▸ THE PROBLEM:
Only the lines of the data holding the string "times" need to be returned.

▸ Saved data entries:
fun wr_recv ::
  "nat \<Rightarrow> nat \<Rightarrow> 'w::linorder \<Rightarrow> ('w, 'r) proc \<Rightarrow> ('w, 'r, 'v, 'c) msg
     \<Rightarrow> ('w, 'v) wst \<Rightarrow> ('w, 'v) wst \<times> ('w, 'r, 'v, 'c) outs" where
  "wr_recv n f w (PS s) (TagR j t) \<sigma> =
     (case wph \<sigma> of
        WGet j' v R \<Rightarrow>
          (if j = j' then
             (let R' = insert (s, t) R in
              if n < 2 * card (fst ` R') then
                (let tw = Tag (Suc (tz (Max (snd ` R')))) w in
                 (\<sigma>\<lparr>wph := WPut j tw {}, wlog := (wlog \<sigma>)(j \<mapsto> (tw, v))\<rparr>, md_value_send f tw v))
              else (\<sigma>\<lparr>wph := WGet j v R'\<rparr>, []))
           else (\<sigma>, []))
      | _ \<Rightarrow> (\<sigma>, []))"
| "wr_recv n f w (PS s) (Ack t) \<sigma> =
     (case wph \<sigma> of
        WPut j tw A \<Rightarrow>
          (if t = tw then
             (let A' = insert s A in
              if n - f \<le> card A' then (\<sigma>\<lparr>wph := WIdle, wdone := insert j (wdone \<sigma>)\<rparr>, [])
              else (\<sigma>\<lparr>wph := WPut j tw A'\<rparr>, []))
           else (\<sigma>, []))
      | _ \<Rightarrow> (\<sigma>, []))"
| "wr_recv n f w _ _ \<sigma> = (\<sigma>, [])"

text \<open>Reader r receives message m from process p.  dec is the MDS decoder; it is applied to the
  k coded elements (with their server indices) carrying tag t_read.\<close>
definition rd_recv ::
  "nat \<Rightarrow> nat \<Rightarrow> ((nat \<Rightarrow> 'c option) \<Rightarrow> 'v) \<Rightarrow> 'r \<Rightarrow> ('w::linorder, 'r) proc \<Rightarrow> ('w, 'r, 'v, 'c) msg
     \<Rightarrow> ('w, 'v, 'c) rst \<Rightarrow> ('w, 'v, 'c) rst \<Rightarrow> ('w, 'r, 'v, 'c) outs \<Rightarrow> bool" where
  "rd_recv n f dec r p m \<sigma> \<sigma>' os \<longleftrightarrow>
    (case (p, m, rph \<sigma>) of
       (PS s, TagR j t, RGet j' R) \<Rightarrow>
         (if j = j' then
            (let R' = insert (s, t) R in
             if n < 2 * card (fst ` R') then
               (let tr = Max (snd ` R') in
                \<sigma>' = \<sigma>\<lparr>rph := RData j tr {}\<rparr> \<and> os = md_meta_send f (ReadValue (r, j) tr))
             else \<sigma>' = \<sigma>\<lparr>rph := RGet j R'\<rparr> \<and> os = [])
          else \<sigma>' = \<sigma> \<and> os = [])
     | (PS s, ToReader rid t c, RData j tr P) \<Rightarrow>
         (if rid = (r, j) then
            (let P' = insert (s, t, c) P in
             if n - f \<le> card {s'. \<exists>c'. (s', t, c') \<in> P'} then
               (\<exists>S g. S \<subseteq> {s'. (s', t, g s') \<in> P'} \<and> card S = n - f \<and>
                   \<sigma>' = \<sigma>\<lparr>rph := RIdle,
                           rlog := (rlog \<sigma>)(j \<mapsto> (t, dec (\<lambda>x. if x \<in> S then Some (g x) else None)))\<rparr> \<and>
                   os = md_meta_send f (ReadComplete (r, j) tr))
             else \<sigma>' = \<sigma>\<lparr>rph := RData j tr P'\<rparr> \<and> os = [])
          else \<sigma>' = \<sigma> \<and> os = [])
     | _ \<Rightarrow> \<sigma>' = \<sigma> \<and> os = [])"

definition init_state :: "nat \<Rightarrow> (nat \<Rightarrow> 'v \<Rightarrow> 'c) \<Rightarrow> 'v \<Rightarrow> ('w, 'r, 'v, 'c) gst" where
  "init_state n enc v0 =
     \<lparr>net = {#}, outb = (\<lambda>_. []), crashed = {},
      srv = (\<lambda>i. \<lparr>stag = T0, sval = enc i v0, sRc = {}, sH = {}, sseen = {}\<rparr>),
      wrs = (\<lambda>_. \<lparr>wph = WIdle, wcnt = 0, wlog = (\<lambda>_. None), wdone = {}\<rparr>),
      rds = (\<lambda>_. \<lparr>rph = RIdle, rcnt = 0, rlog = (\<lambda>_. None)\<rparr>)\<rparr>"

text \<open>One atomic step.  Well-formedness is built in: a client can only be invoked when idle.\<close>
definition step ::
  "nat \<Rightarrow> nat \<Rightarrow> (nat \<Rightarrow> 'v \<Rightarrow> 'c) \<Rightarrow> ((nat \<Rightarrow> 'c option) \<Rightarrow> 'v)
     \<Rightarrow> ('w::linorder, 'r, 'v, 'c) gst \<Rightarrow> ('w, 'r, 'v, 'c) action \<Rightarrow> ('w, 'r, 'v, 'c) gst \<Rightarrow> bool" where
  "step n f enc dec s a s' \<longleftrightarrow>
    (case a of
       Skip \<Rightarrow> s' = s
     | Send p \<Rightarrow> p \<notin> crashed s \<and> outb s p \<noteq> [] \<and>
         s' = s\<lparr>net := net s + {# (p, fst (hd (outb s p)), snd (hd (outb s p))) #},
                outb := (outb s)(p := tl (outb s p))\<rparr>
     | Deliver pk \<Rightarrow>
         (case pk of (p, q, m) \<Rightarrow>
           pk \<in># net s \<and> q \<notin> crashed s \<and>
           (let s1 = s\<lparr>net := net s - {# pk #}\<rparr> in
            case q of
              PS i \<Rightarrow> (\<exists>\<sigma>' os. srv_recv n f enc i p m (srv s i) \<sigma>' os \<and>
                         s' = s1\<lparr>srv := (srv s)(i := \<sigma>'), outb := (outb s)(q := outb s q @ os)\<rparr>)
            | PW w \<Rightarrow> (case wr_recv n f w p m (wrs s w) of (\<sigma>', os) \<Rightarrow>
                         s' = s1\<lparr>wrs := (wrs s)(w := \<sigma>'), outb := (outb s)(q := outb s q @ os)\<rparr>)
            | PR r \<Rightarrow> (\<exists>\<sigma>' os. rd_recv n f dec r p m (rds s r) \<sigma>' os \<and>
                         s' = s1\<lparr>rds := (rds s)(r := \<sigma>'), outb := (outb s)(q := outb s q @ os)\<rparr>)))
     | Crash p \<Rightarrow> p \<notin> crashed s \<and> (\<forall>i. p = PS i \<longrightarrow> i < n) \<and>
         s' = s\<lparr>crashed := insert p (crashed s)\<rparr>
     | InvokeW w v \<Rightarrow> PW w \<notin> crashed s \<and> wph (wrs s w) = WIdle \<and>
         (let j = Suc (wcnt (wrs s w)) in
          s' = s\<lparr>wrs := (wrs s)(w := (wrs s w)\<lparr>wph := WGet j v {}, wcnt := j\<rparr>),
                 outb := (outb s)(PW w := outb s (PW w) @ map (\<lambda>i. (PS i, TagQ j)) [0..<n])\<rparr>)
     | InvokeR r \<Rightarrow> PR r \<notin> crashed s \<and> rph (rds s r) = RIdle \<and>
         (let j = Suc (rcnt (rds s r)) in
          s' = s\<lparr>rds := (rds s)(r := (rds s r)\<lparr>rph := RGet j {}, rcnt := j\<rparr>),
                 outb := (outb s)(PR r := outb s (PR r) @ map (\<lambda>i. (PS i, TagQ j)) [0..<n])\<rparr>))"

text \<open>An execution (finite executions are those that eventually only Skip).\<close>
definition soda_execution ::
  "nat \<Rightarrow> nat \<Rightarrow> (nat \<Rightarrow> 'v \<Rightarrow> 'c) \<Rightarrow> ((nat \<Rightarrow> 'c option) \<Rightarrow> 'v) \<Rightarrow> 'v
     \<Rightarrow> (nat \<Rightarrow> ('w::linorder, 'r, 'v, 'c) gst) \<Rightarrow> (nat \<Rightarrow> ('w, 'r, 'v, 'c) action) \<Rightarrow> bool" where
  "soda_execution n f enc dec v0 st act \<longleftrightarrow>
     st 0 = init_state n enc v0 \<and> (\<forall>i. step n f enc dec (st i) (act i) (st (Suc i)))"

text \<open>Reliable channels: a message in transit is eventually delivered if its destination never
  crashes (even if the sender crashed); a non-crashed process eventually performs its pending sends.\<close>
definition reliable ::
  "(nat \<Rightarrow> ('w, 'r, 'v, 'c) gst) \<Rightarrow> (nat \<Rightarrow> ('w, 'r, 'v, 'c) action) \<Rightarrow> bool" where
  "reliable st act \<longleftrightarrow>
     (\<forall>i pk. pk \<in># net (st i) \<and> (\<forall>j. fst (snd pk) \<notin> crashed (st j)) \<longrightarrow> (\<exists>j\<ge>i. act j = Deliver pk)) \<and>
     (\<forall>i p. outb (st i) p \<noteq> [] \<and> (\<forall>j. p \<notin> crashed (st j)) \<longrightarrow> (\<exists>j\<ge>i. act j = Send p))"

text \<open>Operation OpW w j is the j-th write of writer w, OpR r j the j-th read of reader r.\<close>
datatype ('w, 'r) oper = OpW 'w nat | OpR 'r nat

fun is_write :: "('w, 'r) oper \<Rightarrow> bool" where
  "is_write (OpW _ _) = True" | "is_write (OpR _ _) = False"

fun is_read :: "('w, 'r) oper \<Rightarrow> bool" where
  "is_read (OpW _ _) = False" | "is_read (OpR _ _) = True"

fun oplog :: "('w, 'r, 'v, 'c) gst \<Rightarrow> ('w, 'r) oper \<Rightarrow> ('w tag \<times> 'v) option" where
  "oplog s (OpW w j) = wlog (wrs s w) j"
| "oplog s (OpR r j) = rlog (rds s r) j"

▸ ANSWER TO THE PROBLEM:
     \<Rightarrow> ('w, 'v) wst \<Rightarrow> ('w, 'v) wst \<times> ('w, 'r, 'v, 'c) outs" where
fun oplog :: "('w, 'r, 'v, 'c) gst \<Rightarrow> ('w, 'r) oper \<Rightarrow> ('w tag \<times> 'v) option" where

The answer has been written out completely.